Mendengar ucapanku tersebut, sontak Naya langsung mencoba menutupi
ketelanjangannya. Sepertinya Naya tidak sadar jika dia sedang tidak
memakai apa-apa. Meskipun dia tahu aku pernah melihat tubuh bugilnya,
sepertinya reflek untuk menutupi ketelanjangannya masih ada. Tangan
kanannya ia gunakan untuk menutupi kemaluannya, sedangkan tangan kirinya
mencoba untuk menutpi dadanya meskipun payudaranya masih terekspos
dengan jelas.
"Ee... anu... anu chan.... kamu tau kan kalo aku punya kebiasaan tidur gak pake baju....?" jawabnya.

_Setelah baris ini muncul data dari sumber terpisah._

lemma exp_div_8_le_of_covering:
  fixes c V m n :: nat
  assumes m: "4 * m < n" and cover: "2 ^ n \<le> c * V" and volume: "V * 3 ^ (n - m) \<le> 4 ^ n"
  shows "exp (real n / 8) \<le> real c"
proof -
  have "(27::real) ^ n \<le> (3 ^ (n - m)) ^ 4"
  proof -
    have "(27::real) ^ n = 3 ^ (3 * n)"
      by (simp add: power_mult)
    also have "\<dots> \<le> 3 ^ (4 * (n - m))"
      using m by (intro power_increasing) auto
    finally show ?thesis
      by (simp add: power_mult mult.commute)
  qed
  have "real (2 ^ n) \<le> real (c * V)" "real (V * 3 ^ (n - m)) \<le> real (4 ^ n)"
    using cover volume by (simp_all only: of_nat_le_iff)
  then have "(2::real) ^ n \<le> real c * real V" "real V * 3 ^ (n - m) \<le> 4 ^ n"
    by simp_all
  then have "((2::real) ^ n) ^ 4 * 27 ^ n \<le> (real c * real V) ^ 4 * (3 ^ (n - m)) ^ 4"
    using \<open>(27::real) ^ n \<le> (3 ^ (n - m)) ^ 4\<close> by (intro mult_mono power_mono) auto
  also have "\<dots> = real c ^ 4 * (real V * 3 ^ (n - m)) ^ 4"
    by (simp add: power_mult_distrib)
  also have "\<dots> \<le> real c ^ 4 * (4 ^ n) ^ 4"
    using \<open>real V * 3 ^ (n - m) \<le> 4 ^ n\<close> by (intro mult_left_mono power_mono) auto
  finally have "((2::real) ^ n) ^ 4 * 27 ^ n \<le> real c ^ 4 * (4 ^ n) ^ 4" .
  moreover have "((2::real) ^ n) ^ 4 = (2 ^ 4) ^ n" "((4::real) ^ n) ^ 4 = (4 ^ 4) ^ n"
    by (simp_all only: power_mult[symmetric] mult.commute)
  moreover have "(256::real) ^ n = 16 ^ n * 16 ^ n"
    by (simp flip: power_mult_distrib)
  ultimately have "16 ^ n * 27 ^ n \<le> 16 ^ n * (real c ^ 4 * 16 ^ n)"
    by (simp add: mult_ac)
  then have "(27 / 16) ^ n \<le> real c ^ 4"
    by (simp add: power_divide pos_divide_le_eq)
  then have "(exp (real n / 8)) ^ 4 \<le> real c ^ 4"
    using exp_div_8_pow_4_le[of n] by linarith
  then show ?thesis
    by (simp add: power_mono_iff)
qed

lemma gilbert_varshamov:
  fixes A :: "'a set"
  assumes A: "finite A" "card A = n" and "1 \<le> n"
  obtains C where "C \<subseteq> Pow A" "hamming_separated ((n - 1) div 4) C" "exp (real n / 8) \<le> real (card C)"
proof -
  define m where "m = (n - 1) div 4"
  obtain C where C: "C \<subseteq> Pow A" "hamming_separated m C"
    and cover: "Pow A \<subseteq> (\<Union>S\<in>C. hamming_ball A S m)"
    using ex_hamming_separated_covering[OF A(1)] by blast
  have "finite C"
    using C A by (auto intro: finite_subset)
  define V where "V = card {U. U \<subseteq> A \<and> card U \<le> m}"
  have "2 ^ n = card (Pow A)"
    using A by (simp add: card_Pow)
  also have "\<dots> \<le> card (\<Union>S\<in>C. hamming_ball A S m)"
    using cover A by (intro card_mono) (auto simp: hamming_ball_def intro: finite_subset[of _ "Pow A"])
  also have "\<dots> \<le> (\<Sum>S\<in>C. card (hamming_ball A S m))"
    using \<open>finite C\<close> by (rule card_UN_le)
  also have "\<dots> \<le> (\<Sum>S\<in>C. V)"
    using C A unfolding V_def by (intro sum_mono card_hamming_ball_le) auto
  also have "\<dots> = card C * V"
    by simp
  finally have "2 ^ n \<le> card C * V" .
  moreover have "4 * m < n" "V * 3 ^ (n - m) \<le> 4 ^ n"
    using assms unfolding m_def V_def by (auto intro!: card_small_subsets_mult_pow_le)
  ultimately show ?thesis
    using that C exp_div_8_le_of_covering unfolding m_def by blast
qed

definition cube_vertex :: "nat \<Rightarrow> real \<Rightarrow> real \<Rightarrow> nat set \<Rightarrow> nat \<Rightarrow> real" where
  "cube_vertex d \<Delta> \<epsilon> S j = (if j = 1 then \<Delta> else if j \<in> {2..d} then (if j \<in> S then \<epsilon> else - \<epsilon>) else 0)"

lemma cube_vertex_in_cube_set: "1 \<le> d \<Longrightarrow> cube_vertex d \<Delta> \<epsilon> S \<in> cube_set d \<Delta> \<epsilon>"
  by (auto simp: cube_vertex_def cube_set_def)

lemma inj_on_cube_vertex:
  assumes "\<epsilon> \<noteq> 0"
  shows "inj_on (cube_vertex d \<Delta> \<epsilon>) (Pow {2..d})"
proof (rule inj_onI)
  fix S T assume "S \<in> Pow {2..d}" "T \<in> Pow {2..d}" and eq: "cube_vertex d \<Delta> \<epsilon> S = cube_vertex d \<Delta> \<epsilon> T"
  have "j \<in> S \<longleftrightarrow> j \<in> T" if "j \<in> {2..d}" for j
    using fun_cong[OF eq, of j] that assms by (auto simp: cube_vertex_def split: if_splits)
  then show "S = T"
    using \<open>S \<in> Pow {2..d}\<close> \<open>T \<in> Pow {2..d}\<close> by blast
qed

lemma sum_atLeastAtMost_split_first:
  fixes f :: "nat \<Rightarrow> real"
  assumes "1 \<le> d"
  shows "(\<Sum>j=1..d. f j) = f 1 + (\<Sum>j=2..d. f j)"
  using assms by (simp add: sum.atLeast_Suc_atMost numeral_2_eq_2)

lemma sqnorm_cube_vertex:
  assumes "1 \<le> d"
  shows "sqnorm d (cube_vertex d \<Delta> \<epsilon> S) = \<Delta>\<^sup>2 + real (d - 1) * \<epsilon>\<^sup>2"
proof -
  have "sqnorm d (cube_vertex d \<Delta> \<epsilon> S) = \<Delta>\<^sup>2 + (\<Sum>j=2..d. (cube_vertex d \<Delta> \<epsilon> S j)\<^sup>2)"
    unfolding sqnorm_def sum_atLeastAtMost_split_first[OF assms] by (simp add: cube_vertex_def)
  also have "(\<Sum>j=2..d. (cube_vertex d \<Delta> \<epsilon> S j)\<^sup>2) = (\<Sum>j=2..d. \<epsilon>\<^sup>2)"
    by (intro sum.cong) (auto simp: cube_vertex_def)
  finally show ?thesis
    using assms by simp
qed

lemma sum_square_diff_cube_vertex:
  assumes "1 \<le> d" "S \<subseteq> {2..d}" "T \<subseteq> {2..d}"
  shows "(\<Sum>j=1..d. (cube_vertex d \<Delta> \<epsilon> S j - cube_vertex d \<Delta> \<epsilon> T j)\<^sup>2) = 4 * \<epsilon>\<^sup>2 * real (card (sym_diff S T))"
proof -
  have "(\<Sum>j=1..d. (cube_vertex d \<Delta> \<epsilon> S j - cube_vertex d \<Delta> \<epsilon> T j)\<^sup>2)
      = (\<Sum>j=2..d. (cube_vertex d \<Delta> \<epsilon> S j - cube_vertex d \<Delta> \<epsilon> T j)\<^sup>2)"
    unfolding sum_atLeastAtMost_split_first[OF assms(1)] by (simp add: cube_vertex_def)
  also have "\<dots> = (\<Sum>j\<in>{2..d}. if j \<in> sym_diff S T then 4 * \<epsilon>\<^sup>2 else 0)"
    by (intro sum.cong) (auto simp: cube_vertex_def power2_eq_square)
  also have "\<dots> = (\<Sum>j\<in>{2..d} \<inter> sym_diff S T. 4 * \<epsilon>\<^sup>2)"
    by (rule sum.inter_restrict[symmetric]) simp
  also have "{2..d} \<inter> sym_diff S T = sym_diff S T"
    using assms by auto
  finally show ?thesis
    by simp
qed

lemma L1_Q0_dist_cube_vertex_ge:
  assumes ONB: "ONB_01 \<phi>" and W: "wiener_integral M I"
    and d: "2 \<le> d" and "\<epsilon> > 0" and \<Delta>: "\<Delta> \<ge> sqrt (real d) * \<epsilon>"
    and ST: "S \<subseteq> {2..d}" "T \<subseteq> {2..d}" and far: "real (d - 1) \<le> 4 * real (card (sym_diff S T))"
  shows "L1_Q0_dist M \<phi> d I (cube_vertex d \<Delta> \<epsilon> S) (cube_vertex d \<Delta> \<epsilon> T)
           \<ge> sqrt (real d - 1) * \<epsilon> / (4 * pi * \<Delta>) * exp (- (\<Delta>\<^sup>2))"
proof -
  define k where "k = real (d - 1) * \<epsilon>\<^sup>2"
  define \<delta>2 where "\<delta>2 = 4 * \<epsilon>\<^sup>2 * real (card (sym_diff S T))"
  have "0 < sqrt (real d) * \<epsilon>"
    using d \<open>\<epsilon> > 0\<close> by simp
  then have "\<Delta> > 0"
    using \<Delta> by linarith
  have "k > 0"
    using d \<open>\<epsilon> > 0\<close> by (simp add: k_def)
  have "real d * \<epsilon>\<^sup>2 \<le> \<Delta>\<^sup>2"
    using power_mono[OF \<Delta>, of 2] \<open>\<epsilon> > 0\<close> by (simp add: power_mult_distrib)
  moreover have "k \<le> real d * \<epsilon>\<^sup>2"
    unfolding k_def by (intro mult_right_mono) auto
  ultimately have "k \<le> \<Delta>\<^sup>2"
    by linarith
  have "card (sym_diff S T) \<le> d - 1"
    using ST card_mono[of "{2..d}" "sym_diff S T"] by auto
  then have "k \<le> \<delta>2" "\<delta>2 \<le> 4 * k"
    using far \<open>\<epsilon> > 0\<close> by (simp_all add: k_def \<delta>2_def)
  have "0 < \<Delta>\<^sup>2"
    using \<open>\<Delta> > 0\<close> by simp
  then have "4 * (\<Delta>\<^sup>2 + k) - \<delta>2 > 0"
    using \<open>\<delta>2 \<le> 4 * k\<close> unfolding distrib_left by linarith
  have "sqrt k / (4 * pi * \<Delta>) * exp (- (\<Delta>\<^sup>2))
      \<le> (1 - 1 / sqrt (2 * pi)) * (sqrt \<delta>2 / sqrt (4 * (\<Delta>\<^sup>2 + k) - \<delta>2))
         * std_normal_density ((\<Delta>\<^sup>2 + k + sqrt \<delta>2 / 2) / sqrt (4 * (\<Delta>\<^sup>2 + k) - \<delta>2))"
    by (rule window_bound_ge_separation) fact+
  also have "\<dots> \<le> L1_Q0_dist M \<phi> d I (cube_vertex d \<Delta> \<epsilon> S) (cube_vertex d \<Delta> \<epsilon> T)"
  proof (rule order.trans[OF std_normal_window_product_ge L1_Q0_dist_ge_std_normal_product[OF ONB W]])
    show "sqnorm d (cube_vertex d \<Delta> \<epsilon> S) = \<Delta>\<^sup>2 + k" "sqnorm d (cube_vertex d \<Delta> \<epsilon> T) = \<Delta>\<^sup>2 + k"
      using d by (simp_all add: sqnorm_cube_vertex k_def)
    show "(\<Sum>j=1..d. (cube_vertex d \<Delta> \<epsilon> S j - cube_vertex d \<Delta> \<epsilon> T j)\<^sup>2) = \<delta>2"
      unfolding \<delta>2_def using d ST by (intro sum_square_diff_cube_vertex) auto
    show "\<delta>2 > 0"
      using \<open>k > 0\<close> \<open>k \<le> \<delta>2\<close> by linarith
  qed (use \<open>k > 0\<close> \<open>k \<le> \<delta>2\<close> \<open>4 * (\<Delta>\<^sup>2 + k) - \<delta>2 > 0\<close> in auto)
  finally show ?thesis
    using d \<open>\<epsilon> > 0\<close> by (simp add: k_def real_sqrt_mult of_nat_diff)
qed

lemma two_le_exp_div_8:
  assumes "7 \<le> d"
  shows "2 \<le> exp ((real d - 1) / 8)"
proof -
  have "2 \<le> exp (3/4 :: real)"
    using exp_lower_Taylor_quadratic[of "3/4 :: real"] by (simp add: power2_eq_square)
  also have "\<dots> \<le> exp ((real d - 1) / 8)"
    using assms by simp
  finally show ?thesis .
qed

lemma ex_separated_cube_code:
  assumes "2 \<le> d"
  obtains C where "C \<subseteq> Pow {2..d}" "exp (real (d - 1) / 8) \<le> real (card C)"
    and "\<And>S T. S \<in> C \<Longrightarrow> T \<in> C \<Longrightarrow> S \<noteq> T \<Longrightarrow> real (d - 1) \<le> 4 * real (card (sym_diff S T))"
proof -
  obtain C where C: "C \<subseteq> Pow {2..d}" "hamming_separated ((d - 1 - 1) div 4) C"
    and card_C: "exp (real (d - 1) / 8) \<le> real (card C)"
    by (rule gilbert_varshamov[of "{2..d}" "d - 1"]) (use assms in auto)
  have far: "real (d - 1) \<le> 4 * real (card (sym_diff S T))" if "S \<in> C" "T \<in> C" "S \<noteq> T" for S T
  proof -
    have "(d - 1 - 1) div 4 < card (sym_diff S T)"
      using C(2) that by (simp add: hamming_separated_def)
    then have "d - 1 \<le> 4 * card (sym_diff S T)"
      by presburger
    then have "real (d - 1) \<le> real (4 * card (sym_diff S T))"
      by (simp only: of_nat_le_iff)
    then show ?thesis
      by simp
  qed
  show ?thesis
    by (rule that[OF C(1) card_C far])
qed

theorem lemma3:
  fixes M :: "'a measure" and I :: "(real \<Rightarrow> real) \<Rightarrow> 'a \<Rightarrow> real"
    and \<phi> :: "nat \<Rightarrow> real \<Rightarrow> real" and d :: nat and \<epsilon> \<Delta> :: real
  assumes "ONB_01 \<phi>" and "wiener_integral M I"
    and "d \<ge> 7" and "\<epsilon> > 0" and "\<Delta> \<ge> sqrt (real d) * \<epsilon>"
  shows "\<exists>\<Theta>. \<Theta> \<subseteq> cube_set d \<Delta> \<epsilon> \<and> finite \<Theta> \<and>
           real (card \<Theta>) \<ge> exp ((real d - 1) / 8) \<and> exp ((real d - 1) / 8) \<ge> 2 \<and>
           (\<forall>\<theta>\<in>\<Theta>. \<forall>\<theta>'\<in>\<Theta>. \<theta> \<noteq> \<theta>' \<longrightarrow>
              L1_Q0_dist M \<phi> d I \<theta> \<theta>' \<ge>
                sqrt (real d - 1) * \<epsilon> / (4 * pi * \<Delta>) * exp (- (\<Delta>\<^sup>2)))"
proof -
  obtain C where C: "C \<subseteq> Pow {2..d}" and card_C: "exp (real (d - 1) / 8) \<le> real (card C)"
    and far: "\<And>S T. S \<in> C \<Longrightarrow> T \<in> C \<Longrightarrow> S \<noteq> T \<Longrightarrow> real (d - 1) \<le> 4 * real (card (sym_diff S T))"
    using ex_separated_cube_code[of d] \<open>d \<ge> 7\<close> by auto
  have inj: "inj_on (cube_vertex d \<Delta> \<epsilon>) C"
    using inj_on_cube_vertex[of \<epsilon> d \<Delta>] C \<open>\<epsilon> > 0\<close> by (auto intro: inj_on_subset)
  show ?thesis
  proof (intro exI[of _ "cube_vertex d \<Delta> \<epsilon> ` C"] conjI ballI impI)
    show "cube_vertex d \<Delta> \<epsilon> ` C \<subseteq> cube_set d \<Delta> \<epsilon>" "finite (cube_vertex d \<Delta> \<epsilon> ` C)"
      using C \<open>d \<ge> 7\<close> by (auto intro: cube_vertex_in_cube_set finite_subset)
    show "exp ((real d - 1) / 8) \<le> real (card (cube_vertex d \<Delta> \<epsilon> ` C))"
      using card_C \<open>d \<ge> 7\<close> by (simp add: card_image[OF inj] of_nat_diff)
    show "2 \<le> exp ((real d - 1) / 8)"
      using \<open>d \<ge> 7\<close> by (rule two_le_exp_div_8)
    fix \<theta> \<theta>' assume "\<theta> \<in> cube_vertex d \<Delta> \<epsilon> ` C" "\<theta>' \<in> cube_vertex d \<Delta> \<epsilon> ` C" "\<theta> \<noteq> \<theta>'"
    then obtain S T where ST: "S \<in> C" "T \<in> C" "S \<noteq> T"
      and \<theta>: "\<theta> = cube_vertex d \<Delta> \<epsilon> S" "\<theta>' = cube_vertex d \<Delta> \<epsilon> T"
      by blast
    show "L1_Q0_dist M \<phi> d I \<theta> \<theta>' \<ge> sqrt (real d - 1) * \<epsilon> / (4 * pi * \<Delta>) * exp (- (\<Delta>\<^sup>2))"
      unfolding \<theta> using C ST \<open>d \<ge> 7\<close> far[OF ST]
      by (intro L1_Q0_dist_cube_vertex_ge[OF assms(1,2) _ assms(4,5)]) auto
  qed
qed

"Ya kalo tidur sih boleh-boleh aja... tapi kalo keluar mbok ya pake baju
dulu... kamu kan gak sendiri disini..." kataku mencoba menasehatinya.
"Eee.. iya chan.... tadi aku udah kebelet... makanya buru-buru... aku lupa kalo lagi gak pake baju..." jawabnya.
"Eh, kamu kan tidur bareng Dinda? kamu gak risih tidur bareng dia sambil bugil gitu?" tanyaku penasaran.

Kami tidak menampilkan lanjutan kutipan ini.